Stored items
lemma abs_bernstein_kernel_le:
  assumes x: "x \<in> {0..1}" and y: "y \<in> {0..1}"
    and grid: "\<And>i j. i \<in> {1..N} \<Longrightarrow> j \<in> {1..N} \<Longrightarrow> \<bar>B (real i / real N) (real j / real N)\<bar> \<le> \<delta>"
    and "\<delta> \<ge> 0"
  shows "\<bar>bernstein_kernel N B x y\<bar> \<le> 2 * real N * \<delta>"
proof -
  define q where "q i = bern (N - 1) i x" for i
  define p where "p j = bern N j y" for j
  have q: "q i \<ge> 0" for i using x by (simp add: q_def bern_nonneg)
  have p: "p j \<ge> 0" for j using y by (simp add: p_def bern_nonneg)
  have q_diff: "\<bar>q (i - 1) - q i\<bar> \<le> q (i - 1) + q i" for i
    using q[of i] q[of "i - 1"] by linarith
  have "\<bar>\<Sum>i=1..N. \<Sum>j=1..N. B (real i / real N) (real j / real N) * (q (i - 1) - q i) * p j\<bar>
      \<le> (\<Sum>i=1..N. \<Sum>j=1..N. \<bar>B (real i / real N) (real j / real N) * (q (i - 1) - q i) * p j\<bar>)"
    (is "\<bar>?S\<bar> \<le> _") by (rule order_trans[OF sum_abs sum_mono[OF sum_abs]])
  also have "\<dots> \<le> (\<Sum>i=1..N. \<Sum>j=1..N. \<delta> * (q (i - 1) + q i) * p j)"
    using grid q_diff p \<open>\<delta> \<ge> 0\<close>
    by (intro sum_mono) (auto simp: abs_mult intro!: mult_mono mult_right_mono)
  also have "\<dots> = \<delta> * ((\<Sum>i<N. q i) + (\<Sum>i=1..N. q i)) * (\<Sum>j=1..N. p j)"
  proof -
    have "(\<Sum>i=1..N. q (i - 1) + q i) = (\<Sum>i<N. q i) + (\<Sum>i=1..N. q i)"
      by (simp add: sum.distrib sum.atLeast1_atMost_eq)
    then show ?thesis by (simp flip: sum_distrib_left sum_distrib_right add: mult_ac)
  qed
  also have "\<dots> \<le> \<delta> * 2 * 1"
  proof (intro mult_mono mult_left_mono)
    show "(\<Sum>i<N. q i) + (\<Sum>i=1..N. q i) \<le> 2"
      using sum_bern_le_1[OF _ x, of "{..<N}" "N - 1"] sum_bern_le_1[OF _ x, of "{1..N}" "N - 1"]
      by (simp add: q_def)
    show "(\<Sum>j=1..N. p j) \<le> 1"
      using sum_bern_le_1[OF _ y, of "{1..N}" N] by (simp add: p_def)
  qed (use \<open>\<delta> \<ge> 0\<close> in \<open>auto intro!: sum_nonneg add_nonneg_nonneg p q\<close>)
  finally have "real N * \<bar>?S\<bar> \<le> real N * (2 * \<delta>)" by (intro mult_left_mono) auto
  then show ?thesis unfolding bernstein_kernel_def q_def p_def by (simp add: abs_mult mult_ac)
qed

lemma summation_by_parts_nat:
  fixes a q :: "nat \<Rightarrow> real"
  assumes "a 0 = 0"
  shows "(\<Sum>i=1..N. a i * (q (i - 1) - q i)) = (\<Sum>i<N. (a (Suc i) - a i) * q i) - a N * q N"
  by (induction N) (auto simp: assms atLeastAtMostSuc_conv algebra_simps)

lemma bernstein_kernel_eq_difference_quotients:
  assumes A: "is_copula A" and N: "N \<ge> 1"
  shows "bernstein_kernel N A x y = (\<Sum>i\<le>N - 1. \<Sum>j\<le>N.
      real N * (A (real (Suc i) / real N) (real j / real N) - A (real i / real N) (real j / real N))
      * (bern (N - 1) i x * bern N j y))"
proof -
  have A0: "A u 0 = 0" "A 0 u = 0" if "u \<in> {0..1}" for u
    using A that unfolding is_copula_def by auto
  define q where "q i = bern (N - 1) i x" for i
  define p where "p j = bern N j y" for j
  define f where "f i = (\<Sum>j\<le>N. A (real i / real N) (real j / real N) * p j)" for i
  have f_eq: "f i = (\<Sum>j=1..N. A (real i / real N) (real j / real N) * p j)" if "i \<le> N" for i
    unfolding f_def using that A0 N by (simp add: sum.atMost_shift sum.atLeast1_atMost_eq)
  have "bernstein_kernel N A x y = real N * (\<Sum>i=1..N. f i * (q (i - 1) - q i))"
    unfolding bernstein_kernel_def q_def
    by (simp add: f_eq p_def sum_distrib_left sum_distrib_right mult_ac)
  also have "(\<Sum>i=1..N. f i * (q (i - 1) - q i)) = (\<Sum>i<N. (f (Suc i) - f i) * q i)"
    using summation_by_parts_nat[of f q N] A0 N
    by (simp add: f_def q_def bern_def)
  also have "{..<N} = {..N - 1}" using N by auto
  finally show ?thesis
    by (simp add: f_def q_def p_def sum_distrib_left sum_distrib_right sum_subtractf[symmetric]
        algebra_simps)
qed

## WHAT THE TASK ASKS
Take the lines above from the one holding "by (simp add: f_eq" to the last and output them exactly.

## TASK SOLUTION
    by (simp add: f_eq p_def sum_distrib_left sum_distrib_right mult_ac)
  also have "(\<Sum>i=1..N. f i * (q (i - 1) - q i)) = (\<Sum>i<N. (f (Suc i) - f i) * q i)"
    using summation_by_parts_nat[of f q N] A0 N
    by (simp add: f_def q_def bern_def)
  also have "{..<N} = {..N - 1}" using N by auto
  finally show ?thesis
    by (simp add: f_def q_def p_def sum_distrib_left sum_distrib_right sum_subtractf[symmetric]
        algebra_simps)
qed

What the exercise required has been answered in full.